Mycroft Holmes sonrió con cierta petulancia, pero en lugar de hacer una deducción —tal y como Greg hubiera esperado de su hermano—, se limitó a decir:

—Los fumadores nos reconocemos entre nosotros.

El inspector aceptó el cigarrillo y se lo puso entre los labios. Mycroft le acercó el mechero y luego se encendió su cigarrillo. Ambos hombres aspiraron con deleite el humo y lo mantuvieron en sus pulmones tanto tiempo como pudieron antes de soltarlo.

—Será mejor que mantenga a Sherlock a raya —dijo Gregory, rompiendo el silencio cómo que se había instalado entre ellos.

Mycroft torció el gesto ligeramente antes de darle otra calada a su cigarro.

—Llevo intentándolo toda la vida y ya sé que es imposible. Me limito a ir detrás de él y asegurarme de que sale entero de sus aventuras.

Volvieron al silencio de camaradería que otorga el tabaco hasta que terminaron sus cigarrillos y se fueron cada uno por su lado.

No volverían a encontrarse hasta meses después, cuando los Holmes se enfrentaron a su problema final.

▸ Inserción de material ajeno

(* Suppose $q\in(0,\infty)$, $p\in(0,q]$ and $s\in\mathbb{R}$. Then for any $c_0>0$, $c_1>1$, there is a continuous embedding $Z^{p,q}_s(\mathbb{R}^n;c_0,c_1)\hookrightarrow T^{p,q}_s(\mathbb{R}^n)$.
   Context: $\mathbb{R}^n$ with Euclidean distance and Lebesgue measure, $V(x,t)=|B(x,t)|$; $\mathbb{R}^{n+1}_+:=\mathbb{R}^n\times(0,\infty)$ with measure $dy\,dt/t$. $\Gamma(x):=\{(y,t):|x-y|<t\}$; $\mathcal{A}^qf(x):=(\iint_{\Gamma(x)}|f|^q\frac{dy}{V(y,t)}\frac{dt}{t})^{1/q}$; $(V^sf)(y,t):=V(y,t)^sf(y,t)$; $\|f\|_{T^{p,q}_s(\mathbb{R}^n)}:=\|\mathcal{A}^q(V^{-s}f)\|_{L^p(\mathbb{R}^n)}$. $\Omega_{c_0,c_1}(x,t):=B(x,c_0t)\times(t/c_1,c_1t)$; $\mathcal{W}^q_{c_0,c_1}f(x,t):=(\text{average of }|f(\xi,\tau)|^q\text{ over }\Omega_{c_0,c_1}(x,t)\text{ w.r.t. }d\xi\,d\tau)^{1/q}$; $\|f\|_{Z^{p,q}_s(\mathbb{R}^n;c_0,c_1)}:=\|\mathcal{W}^q_{c_0,c_1}(V^{-s}f)\|_{L^p(\mathbb{R}^{n+1}_+,dx\,dt/t)}$. *)

theory Defs
  imports "HOL-Analysis.Analysis"
begin

text \<open>Real power on [0,\<infinity>], with \<infinity> mapped to \<infinity> (used for positive exponents only).\<close>
definition epow :: "ennreal \<Rightarrow> real \<Rightarrow> ennreal" where
  "epow x r = (if x = \<infinity> then \<infinity> else ennreal (enn2real x powr r))"

definition Vol :: "'a::euclidean_space \<Rightarrow> real \<Rightarrow> real" where
  "Vol x t = measure lborel (ball x t)"

definition Vpow :: "real \<Rightarrow> ('a::euclidean_space \<times> real \<Rightarrow> real) \<Rightarrow> 'a \<times> real \<Rightarrow> real" where
  "Vpow s f = (\<lambda>(y,t). Vol y t powr s * f (y,t))"

definition cone :: "'a::euclidean_space \<Rightarrow> ('a \<times> real) set" where
  "cone x = {(y,t). dist x y < t}"

definition Aq :: "real \<Rightarrow> ('a::euclidean_space \<times> real \<Rightarrow> real) \<Rightarrow> 'a \<Rightarrow> ennreal" where
  "Aq q f x = epow (\<integral>\<^sup>+ (y,t). indicator (cone x) (y,t) *
        ennreal (\<bar>f (y,t)\<bar> powr q / Vol y t / t) \<partial>(lborel \<Otimes>\<^sub>M lborel)) (1/q)"

definition T_norm :: "real \<Rightarrow> real \<Rightarrow> real \<Rightarrow> ('a::euclidean_space \<times> real \<Rightarrow> real) \<Rightarrow> ennreal" where
  "T_norm p q s f = epow (\<integral>\<^sup>+ x. epow (Aq q (Vpow (-s) f) x) p \<partial>lborel) (1/p)"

Todo trascurrió de la misma forma en que lo habían hecho todos los casos a los que Gregory acudía (la llamada de ayuda, la movilización de policía y ambulancias), pero en cuanto miró a su alrededor, percibió que algo había cambiado.

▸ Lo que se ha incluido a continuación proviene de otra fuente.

text \<open>Once \<open>v\<^sub>i(I) = k\<^sub>i\<close> is known to be finite, the Rees formula turns \<open>a \<in> I\<^sub>>\<close> into
  \<open>v\<^sub>i(a) \<ge> k\<^sub>i + 1\<close> for all \<open>i\<close>, and in the discrete valuation ring \<open>V\<^sub>i\<close> the ideal
  \<open>m\<^sub>i I V\<^sub>i\<close> is exactly \<open>{v\<^sub>i \<ge> k\<^sub>i + 1}\<close>; so both sides are the ideal cut out by these
  inequalities. Such an ideal \<open>J\<close> is integrally closed: if \<open>a\<^sup>n + c\<^sub>1 a\<^sup>n\<^sup>-\<^sup>1 + \<dots> + c\<^sub>n = 0\<close>
  with \<open>c\<^sub>j \<in> J\<^sup>j\<close> and \<open>v(a) < m\<close>, then \<open>v(c\<^sub>j a\<^sup>n\<^sup>-\<^sup>j) \<ge> j m + (n - j) v(a) > n v(a)\<close>,
  contradicting \<open>v(a\<^sup>n) = n v(a)\<close>. Noetherianity and regularity of \<open>I\<close> only serve to produce
  the Rees valuations, which the hypotheses already supply.\<close>

locale valuation = ring R for R (structure) +
  fixes u :: "'a \<Rightarrow> enat"
  assumes val_zero [simp]: "u \<zero> = \<infinity>"
    and val_one [simp]: "u \<one> = 0"
    and val_mult: "\<lbrakk>x \<in> carrier R; y \<in> carrier R\<rbrakk> \<Longrightarrow> u (x \<otimes> y) = u x + u y"
    and val_add: "\<lbrakk>x \<in> carrier R; y \<in> carrier R\<rbrakk> \<Longrightarrow> min (u x) (u y) \<le> u (x \<oplus> y)"
begin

Vio pasar a una mujer en bata azul, con el pelo negro, largo hasta media espalda, y los mismos ojos grises de los Holmes. Vio la expresión de Sherlock, ligeramente perdido, ligeramente roto, ligeramente determinado. Vio a John, más cansado que nunca.

Y vio a Mycroft, sentado en la parte trasera de una ambulancia, con una manta alrededor de los hombros y la mirada perdida.

Decidió acercarse a este último. Sin decir nada, sacó su paquete de tabaco y le ofreció un cigarrillo al mayor de los Holmes. Este se quedó mirándolo, a lo que Greg dijo:

—Los fumadores reconocemos cuándo otro fumador necesita desesperadamente un cigarro.

Mycroft lo evaluó durante un instante antes de aceptar su oferta.

Fumaron en silencio, uno al lado del otro.

No sería la última vez que lo harían.